### Records for the task ###

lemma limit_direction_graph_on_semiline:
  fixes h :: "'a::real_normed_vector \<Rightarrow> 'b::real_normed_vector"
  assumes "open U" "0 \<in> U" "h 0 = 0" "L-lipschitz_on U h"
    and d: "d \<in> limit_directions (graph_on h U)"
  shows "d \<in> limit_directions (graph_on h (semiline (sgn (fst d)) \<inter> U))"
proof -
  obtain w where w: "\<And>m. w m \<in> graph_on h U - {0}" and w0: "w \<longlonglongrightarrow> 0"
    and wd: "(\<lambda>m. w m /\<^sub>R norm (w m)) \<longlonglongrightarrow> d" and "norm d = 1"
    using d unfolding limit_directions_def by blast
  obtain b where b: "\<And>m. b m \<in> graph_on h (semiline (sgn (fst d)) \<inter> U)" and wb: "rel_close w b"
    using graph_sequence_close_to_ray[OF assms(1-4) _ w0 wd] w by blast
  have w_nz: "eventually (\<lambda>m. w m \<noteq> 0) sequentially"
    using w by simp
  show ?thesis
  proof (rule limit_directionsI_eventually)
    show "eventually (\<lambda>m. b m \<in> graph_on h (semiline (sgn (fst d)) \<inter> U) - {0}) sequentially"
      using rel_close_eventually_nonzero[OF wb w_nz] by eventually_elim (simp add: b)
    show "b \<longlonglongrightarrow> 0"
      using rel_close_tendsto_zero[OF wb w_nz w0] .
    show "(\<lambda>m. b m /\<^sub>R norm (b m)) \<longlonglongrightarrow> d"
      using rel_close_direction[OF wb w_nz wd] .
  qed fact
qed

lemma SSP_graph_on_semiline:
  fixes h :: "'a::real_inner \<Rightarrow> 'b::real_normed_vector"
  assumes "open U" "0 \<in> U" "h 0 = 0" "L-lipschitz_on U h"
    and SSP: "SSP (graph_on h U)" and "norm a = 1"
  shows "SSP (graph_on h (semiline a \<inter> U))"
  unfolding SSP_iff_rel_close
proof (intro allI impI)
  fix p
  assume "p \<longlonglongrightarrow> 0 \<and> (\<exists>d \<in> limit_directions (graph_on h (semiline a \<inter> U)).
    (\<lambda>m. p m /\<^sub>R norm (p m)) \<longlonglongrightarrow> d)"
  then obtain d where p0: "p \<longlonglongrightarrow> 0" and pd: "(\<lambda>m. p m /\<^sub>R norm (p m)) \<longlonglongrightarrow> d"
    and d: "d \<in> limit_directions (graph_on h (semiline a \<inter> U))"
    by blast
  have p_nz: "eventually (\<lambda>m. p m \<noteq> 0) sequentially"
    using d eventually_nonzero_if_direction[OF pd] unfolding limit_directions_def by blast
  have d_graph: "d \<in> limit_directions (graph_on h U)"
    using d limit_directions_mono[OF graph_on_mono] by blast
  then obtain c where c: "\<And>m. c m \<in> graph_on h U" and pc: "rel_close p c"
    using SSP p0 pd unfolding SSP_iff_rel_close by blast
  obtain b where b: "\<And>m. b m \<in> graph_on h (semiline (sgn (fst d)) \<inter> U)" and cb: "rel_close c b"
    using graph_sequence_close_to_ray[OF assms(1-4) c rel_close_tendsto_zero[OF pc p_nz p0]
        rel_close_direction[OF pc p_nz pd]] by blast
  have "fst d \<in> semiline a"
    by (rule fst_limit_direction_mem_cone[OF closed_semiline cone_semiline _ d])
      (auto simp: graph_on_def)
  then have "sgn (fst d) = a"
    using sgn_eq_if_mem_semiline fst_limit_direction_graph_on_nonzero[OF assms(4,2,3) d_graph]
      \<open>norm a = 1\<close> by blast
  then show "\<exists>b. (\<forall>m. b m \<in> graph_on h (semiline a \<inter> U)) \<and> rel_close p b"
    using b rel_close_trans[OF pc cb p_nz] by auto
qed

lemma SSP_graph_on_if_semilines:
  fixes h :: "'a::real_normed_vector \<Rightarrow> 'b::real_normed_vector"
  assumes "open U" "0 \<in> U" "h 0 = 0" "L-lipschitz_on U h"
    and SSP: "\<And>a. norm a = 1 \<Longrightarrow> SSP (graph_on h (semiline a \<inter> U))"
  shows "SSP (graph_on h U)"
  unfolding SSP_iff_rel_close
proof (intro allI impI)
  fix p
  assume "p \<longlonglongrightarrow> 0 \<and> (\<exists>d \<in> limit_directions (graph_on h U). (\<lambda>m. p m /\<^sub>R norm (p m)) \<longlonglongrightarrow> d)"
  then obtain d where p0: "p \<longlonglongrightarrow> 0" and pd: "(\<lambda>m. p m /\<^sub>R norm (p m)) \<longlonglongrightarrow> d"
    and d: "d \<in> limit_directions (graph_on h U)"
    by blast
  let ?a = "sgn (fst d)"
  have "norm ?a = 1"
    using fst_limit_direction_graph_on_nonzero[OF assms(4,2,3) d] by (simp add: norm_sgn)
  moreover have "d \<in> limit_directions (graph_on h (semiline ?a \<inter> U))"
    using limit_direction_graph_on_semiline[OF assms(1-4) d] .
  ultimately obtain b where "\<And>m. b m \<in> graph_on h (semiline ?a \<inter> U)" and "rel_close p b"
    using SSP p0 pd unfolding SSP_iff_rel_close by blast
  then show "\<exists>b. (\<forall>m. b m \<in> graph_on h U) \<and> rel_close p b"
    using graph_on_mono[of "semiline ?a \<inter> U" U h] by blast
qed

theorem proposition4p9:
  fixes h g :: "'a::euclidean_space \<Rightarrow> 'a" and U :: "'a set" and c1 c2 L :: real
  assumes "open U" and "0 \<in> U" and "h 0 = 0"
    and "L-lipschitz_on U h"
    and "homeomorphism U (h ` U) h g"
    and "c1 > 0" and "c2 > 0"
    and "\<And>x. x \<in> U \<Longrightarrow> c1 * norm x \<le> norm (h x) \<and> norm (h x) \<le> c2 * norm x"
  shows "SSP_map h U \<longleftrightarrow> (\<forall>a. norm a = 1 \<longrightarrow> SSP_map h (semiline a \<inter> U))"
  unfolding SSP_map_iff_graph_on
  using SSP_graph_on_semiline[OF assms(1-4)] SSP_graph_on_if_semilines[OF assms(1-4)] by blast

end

###
### Records for the task ###

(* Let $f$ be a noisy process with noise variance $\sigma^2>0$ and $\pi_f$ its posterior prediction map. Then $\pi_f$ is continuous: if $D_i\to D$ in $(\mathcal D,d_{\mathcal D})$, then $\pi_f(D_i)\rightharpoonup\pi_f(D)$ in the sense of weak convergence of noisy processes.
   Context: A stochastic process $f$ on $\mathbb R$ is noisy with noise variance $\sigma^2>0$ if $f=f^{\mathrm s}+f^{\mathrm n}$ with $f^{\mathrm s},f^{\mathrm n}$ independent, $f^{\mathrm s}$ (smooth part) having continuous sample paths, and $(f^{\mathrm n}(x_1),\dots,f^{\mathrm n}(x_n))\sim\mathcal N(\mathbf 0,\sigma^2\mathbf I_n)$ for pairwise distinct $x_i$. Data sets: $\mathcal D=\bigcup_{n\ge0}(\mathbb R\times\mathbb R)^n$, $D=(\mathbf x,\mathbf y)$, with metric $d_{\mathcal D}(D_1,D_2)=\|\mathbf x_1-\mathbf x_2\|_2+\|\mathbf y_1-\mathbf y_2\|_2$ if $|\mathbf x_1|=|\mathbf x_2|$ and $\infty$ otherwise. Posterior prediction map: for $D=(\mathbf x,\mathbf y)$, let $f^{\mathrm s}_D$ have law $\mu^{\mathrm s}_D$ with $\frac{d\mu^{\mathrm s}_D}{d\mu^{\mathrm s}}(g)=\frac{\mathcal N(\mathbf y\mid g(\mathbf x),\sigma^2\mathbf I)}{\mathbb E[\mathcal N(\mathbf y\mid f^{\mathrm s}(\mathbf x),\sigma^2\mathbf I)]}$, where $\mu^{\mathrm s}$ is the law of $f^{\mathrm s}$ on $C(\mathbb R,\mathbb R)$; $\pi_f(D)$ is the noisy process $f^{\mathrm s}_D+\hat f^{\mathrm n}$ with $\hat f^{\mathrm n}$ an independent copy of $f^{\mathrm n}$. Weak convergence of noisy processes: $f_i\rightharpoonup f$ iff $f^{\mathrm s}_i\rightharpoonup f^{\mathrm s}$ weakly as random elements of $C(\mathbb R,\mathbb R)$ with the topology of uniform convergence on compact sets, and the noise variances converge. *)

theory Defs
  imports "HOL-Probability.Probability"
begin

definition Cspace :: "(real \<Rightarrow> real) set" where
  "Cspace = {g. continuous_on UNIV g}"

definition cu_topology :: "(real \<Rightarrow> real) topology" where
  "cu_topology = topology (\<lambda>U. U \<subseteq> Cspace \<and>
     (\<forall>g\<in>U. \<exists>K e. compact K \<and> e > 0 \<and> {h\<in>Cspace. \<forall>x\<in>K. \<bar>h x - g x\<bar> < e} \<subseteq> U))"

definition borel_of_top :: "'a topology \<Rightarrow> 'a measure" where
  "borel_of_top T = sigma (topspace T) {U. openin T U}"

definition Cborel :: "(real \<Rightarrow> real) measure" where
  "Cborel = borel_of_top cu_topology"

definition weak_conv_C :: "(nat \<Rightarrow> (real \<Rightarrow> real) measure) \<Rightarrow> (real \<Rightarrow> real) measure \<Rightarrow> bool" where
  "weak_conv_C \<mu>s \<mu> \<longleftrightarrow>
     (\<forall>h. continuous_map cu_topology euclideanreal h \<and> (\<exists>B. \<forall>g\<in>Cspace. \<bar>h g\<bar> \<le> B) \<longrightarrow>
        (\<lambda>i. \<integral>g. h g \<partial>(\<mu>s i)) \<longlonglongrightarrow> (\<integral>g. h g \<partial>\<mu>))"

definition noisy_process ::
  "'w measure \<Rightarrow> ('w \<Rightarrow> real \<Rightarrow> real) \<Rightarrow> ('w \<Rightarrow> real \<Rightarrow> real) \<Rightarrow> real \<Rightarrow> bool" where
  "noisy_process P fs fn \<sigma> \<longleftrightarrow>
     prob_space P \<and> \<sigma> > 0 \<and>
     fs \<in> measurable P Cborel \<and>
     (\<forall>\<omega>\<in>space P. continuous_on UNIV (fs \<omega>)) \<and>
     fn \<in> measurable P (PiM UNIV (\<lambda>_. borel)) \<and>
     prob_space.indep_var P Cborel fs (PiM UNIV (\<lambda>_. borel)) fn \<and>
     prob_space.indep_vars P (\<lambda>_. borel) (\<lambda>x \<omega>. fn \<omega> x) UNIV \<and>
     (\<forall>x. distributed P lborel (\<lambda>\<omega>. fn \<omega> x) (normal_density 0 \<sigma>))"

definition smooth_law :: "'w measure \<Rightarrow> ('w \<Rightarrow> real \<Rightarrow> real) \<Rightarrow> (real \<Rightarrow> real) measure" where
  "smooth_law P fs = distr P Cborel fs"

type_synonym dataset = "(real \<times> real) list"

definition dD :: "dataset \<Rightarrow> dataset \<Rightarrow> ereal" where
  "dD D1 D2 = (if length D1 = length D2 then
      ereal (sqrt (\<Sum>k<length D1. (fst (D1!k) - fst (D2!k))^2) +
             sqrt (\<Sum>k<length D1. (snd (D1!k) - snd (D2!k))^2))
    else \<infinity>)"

###
### Records for the task ###

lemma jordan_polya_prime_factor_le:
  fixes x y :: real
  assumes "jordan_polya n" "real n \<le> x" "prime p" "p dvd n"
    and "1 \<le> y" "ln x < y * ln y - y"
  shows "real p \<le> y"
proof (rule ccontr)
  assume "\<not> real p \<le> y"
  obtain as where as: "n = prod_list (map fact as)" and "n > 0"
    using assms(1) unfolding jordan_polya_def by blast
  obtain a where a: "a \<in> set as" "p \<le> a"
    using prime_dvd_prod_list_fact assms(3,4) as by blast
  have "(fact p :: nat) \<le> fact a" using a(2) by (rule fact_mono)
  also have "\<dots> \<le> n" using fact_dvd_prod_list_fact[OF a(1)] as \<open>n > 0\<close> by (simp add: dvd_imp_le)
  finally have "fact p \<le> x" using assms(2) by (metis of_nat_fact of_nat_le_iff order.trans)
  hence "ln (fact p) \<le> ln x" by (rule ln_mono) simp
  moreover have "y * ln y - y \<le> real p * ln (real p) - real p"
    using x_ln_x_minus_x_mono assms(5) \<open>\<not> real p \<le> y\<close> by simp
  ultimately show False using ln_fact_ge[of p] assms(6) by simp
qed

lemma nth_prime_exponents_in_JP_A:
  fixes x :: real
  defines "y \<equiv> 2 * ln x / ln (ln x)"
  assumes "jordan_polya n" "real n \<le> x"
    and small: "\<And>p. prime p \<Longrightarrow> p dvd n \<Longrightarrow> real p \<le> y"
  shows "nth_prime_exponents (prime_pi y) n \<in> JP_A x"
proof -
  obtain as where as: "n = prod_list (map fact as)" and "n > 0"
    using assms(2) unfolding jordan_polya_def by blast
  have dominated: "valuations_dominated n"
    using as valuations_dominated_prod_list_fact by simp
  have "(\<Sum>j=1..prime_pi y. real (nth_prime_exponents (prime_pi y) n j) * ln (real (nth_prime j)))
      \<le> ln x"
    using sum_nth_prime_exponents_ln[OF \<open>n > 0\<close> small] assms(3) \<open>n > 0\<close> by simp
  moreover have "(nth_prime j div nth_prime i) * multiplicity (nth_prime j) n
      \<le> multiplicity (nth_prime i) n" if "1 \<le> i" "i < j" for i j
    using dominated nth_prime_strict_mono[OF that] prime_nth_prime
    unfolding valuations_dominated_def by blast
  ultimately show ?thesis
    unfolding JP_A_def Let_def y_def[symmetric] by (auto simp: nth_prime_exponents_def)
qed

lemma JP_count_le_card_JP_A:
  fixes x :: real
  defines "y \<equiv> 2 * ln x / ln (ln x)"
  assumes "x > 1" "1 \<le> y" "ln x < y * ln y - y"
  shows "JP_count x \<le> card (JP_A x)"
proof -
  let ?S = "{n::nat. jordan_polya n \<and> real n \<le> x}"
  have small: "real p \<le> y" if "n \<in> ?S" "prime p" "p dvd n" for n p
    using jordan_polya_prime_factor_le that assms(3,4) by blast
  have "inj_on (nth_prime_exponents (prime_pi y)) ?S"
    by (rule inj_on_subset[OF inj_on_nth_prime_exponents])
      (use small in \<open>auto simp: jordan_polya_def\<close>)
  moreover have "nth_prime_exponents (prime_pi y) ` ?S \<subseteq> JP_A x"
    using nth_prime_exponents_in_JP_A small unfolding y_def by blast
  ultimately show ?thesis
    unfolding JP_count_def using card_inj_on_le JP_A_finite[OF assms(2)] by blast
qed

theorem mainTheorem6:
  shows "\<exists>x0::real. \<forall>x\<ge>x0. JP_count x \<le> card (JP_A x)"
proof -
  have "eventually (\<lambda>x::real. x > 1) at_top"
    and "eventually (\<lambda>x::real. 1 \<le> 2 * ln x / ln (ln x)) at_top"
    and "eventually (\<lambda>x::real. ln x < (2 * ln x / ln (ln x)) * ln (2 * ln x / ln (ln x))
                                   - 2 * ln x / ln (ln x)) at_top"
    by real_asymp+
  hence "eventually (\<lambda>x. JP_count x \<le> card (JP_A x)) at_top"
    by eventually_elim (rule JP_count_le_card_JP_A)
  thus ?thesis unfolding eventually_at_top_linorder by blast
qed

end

###

=== Work request ===
Looking at the data above, return every line from the one with "(\<forall>g\<in>U. \<exists>K e." down to the one with "sigma (topspace T)", exactly and inclusively.

=== Answer area ===
     (\<forall>g\<in>U. \<exists>K e. compact K \<and> e > 0 \<and> {h\<in>Cspace. \<forall>x\<in>K. \<bar>h x - g x\<bar> < e} \<subseteq> U))"

definition borel_of_top :: "'a topology \<Rightarrow> 'a measure" where
  "borel_of_top T = sigma (topspace T) {U. openin T U}"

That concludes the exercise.